**Records shown**
lemma foldr_cre1_eq_cre:
  assumes "sorted_wrt (<) xs"
  shows "foldr (mmul n) (map (cre1 n) xs) (idop n) = cre n (basis_vec (set xs))"
  using assms
proof (induction xs)
  case Nil
  show ?case by (intro ext) (auto simp: idop_def cre_basis_vec)
next
  case (Cons a xs)
  define A where "A = set xs"
  have above: "\<And>y. y \<in> A \<Longrightarrow> a < y" and "a \<notin> A"
    using Cons.prems by (auto simp: A_def)
  have IH: "foldr (mmul n) (map (cre1 n) xs) (idop n) = cre n (basis_vec A)"
    using Cons by (simp add: A_def)
  show ?case
  proof (intro ext)
    fix X Y
    have "foldr (mmul n) (map (cre1 n) (a # xs)) (idop n) X Y
       = (\<Sum>Z\<in>Pow (NN n). (if (X \<subseteq> NN n \<and> a \<in> X) \<and> Z = X - {a} then wsign {a} Z else 0)
            * cre n (basis_vec A) Z Y)"
      by (simp add: IH mmul_def cre1_def cre_basis_vec conj_assoc)
    also have "\<dots> = (if X \<subseteq> NN n \<and> a \<in> X then wsign {a} (X - {a}) * cre n (basis_vec A) (X - {a}) Y else 0)"
      by (subst sum_delta_mult) auto
    also have "\<dots> = cre n (basis_vec (insert a A)) X Y"
    proof (cases "X \<subseteq> NN n \<and> insert a A \<subseteq> X \<and> Y = X - insert a A")
      case True
      then have fin: "finite A" and XaAY: "X - {a} = A \<union> Y" and "A \<inter> Y = {}"
        using \<open>a \<notin> A\<close> by (auto intro: finite_subset_NN simp: A_def)
      have "wsign {a} (X - {a}) = wsign {a} Y"
        unfolding XaAY using fin \<open>A \<inter> Y = {}\<close> wsign_singleton_below[OF above]
        by (simp add: wsign_Un_right)
      moreover have "wsign (insert a A) Y = wsign {a} Y * wsign A Y"
        using wsign_Un_left[of "{a}" A Y] fin \<open>a \<notin> A\<close> by simp
      ultimately show ?thesis using True \<open>a \<notin> A\<close> by (auto simp: cre_basis_vec Diff_insert2[symmetric])
    next
      case False
      then show ?thesis using \<open>a \<notin> A\<close> by (auto simp: cre_basis_vec)
    qed
    finally show "foldr (mmul n) (map (cre1 n) (a # xs)) (idop n) X Y = cre n (basis_vec (set (a # xs))) X Y"
      by (simp add: A_def)
  qed
qed

lemma bcre_eq_cre: "finite A \<Longrightarrow> bcre n A = cre n (basis_vec A)"
  unfolding bcre_def by (simp add: foldr_cre1_eq_cre)

lemma cnj_cre_basis_vec: "cnj (cre n (basis_vec P) X Z) = cre n (basis_vec P) X Z"
  by (simp add: cre_basis_vec)

lemma bcc_apply:
  assumes "finite P" "finite Q"
  shows "bcc n P Q X Y = (if X \<subseteq> NN n \<and> Y \<subseteq> NN n \<and> P \<subseteq> X \<and> Q \<subseteq> Y \<and> X - P = Y - Q
                          then wsign P (X - P) * wsign Q (Y - Q) else 0)"
  (is "_ = ?rhs")
proof -
  have "bcc n P Q X Y = (\<Sum>Z\<in>Pow (NN n). (if (X \<subseteq> NN n \<and> P \<subseteq> X) \<and> Z = X - P then wsign P Z else 0)
          * (if Y \<subseteq> NN n \<and> Q \<subseteq> Y \<and> Z = Y - Q then wsign Q Z else 0))"
    using assms by (simp add: bcc_def bann_def mmul_def adj_def bcre_eq_cre cnj_cre_basis_vec)
      (simp add: cre_basis_vec conj_assoc)
  also have "\<dots> = ?rhs"
    by (subst sum_delta_mult) auto
  finally show ?thesis .
qed
text \<open>The FKG lattice condition: the Ising measure is log-supermodular, because each
  ferromagnetic pair term \<open>J\<^sub>u\<^sub>v \<sigma>(u) \<sigma>(v)\<close> is supermodular.\<close>

lemma ising_lattice:
  assumes "x \<in> configs V" "y \<in> configs V"
  shows "ising V E J x * ising V E J y \<le> ising V E J (sup x y) * ising V E J (inf x y)"
proof -
  let ?H = "\<lambda>\<sigma>. \<Sum>e\<in>E. J e * (\<Prod>v\<in>e. \<sigma> v)"
  have "?H x + ?H y \<le> ?H (sup x y) + ?H (inf x y)"
    unfolding sum.distrib[symmetric]
  proof (rule sum_mono)
    fix e assume e: "e \<in> E"
    then obtain u v where "u \<noteq> v" "e = {u, v}" using edges by blast
    then show "J e * (\<Prod>v\<in>e. x v) + J e * (\<Prod>v\<in>e. y v)
        \<le> J e * (\<Prod>v\<in>e. sup x y v) + J e * (\<Prod>v\<in>e. inf x y v)"
      using mult_left_mono[OF mult_add_mult_le_max_min J_nonneg[OF e]]
      by (simp add: sup_max inf_min algebra_simps)
  qed
  then have "ising_weight E J x * ising_weight E J y
      \<le> ising_weight E J (sup x y) * ising_weight E J (inf x y)"
    unfolding ising_weight_def by (simp add: exp_add[symmetric])
  then show ?thesis
    unfolding ising_def using partition_fn_pos by (simp add: divide_right_mono)
qed

lemma marginal_as_sum: "\<nu> \<rho> = (\<Sum>\<sigma>\<in>configs V. if restrict \<sigma> F = \<rho> then ising V E J \<sigma> else 0)"
  unfolding marginal_def by (rule sum.inter_filter[OF configs_finite[OF finite_V]])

**The problem**
Look over the listing and return each line that holds "Prod".

**Expected output**
  let ?H = "\<lambda>\<sigma>. \<Sum>e\<in>E. J e * (\<Prod>v\<in>e. \<sigma> v)"
    then show "J e * (\<Prod>v\<in>e. x v) + J e * (\<Prod>v\<in>e. y v)
        \<le> J e * (\<Prod>v\<in>e. sup x y v) + J e * (\<Prod>v\<in>e. inf x y v)"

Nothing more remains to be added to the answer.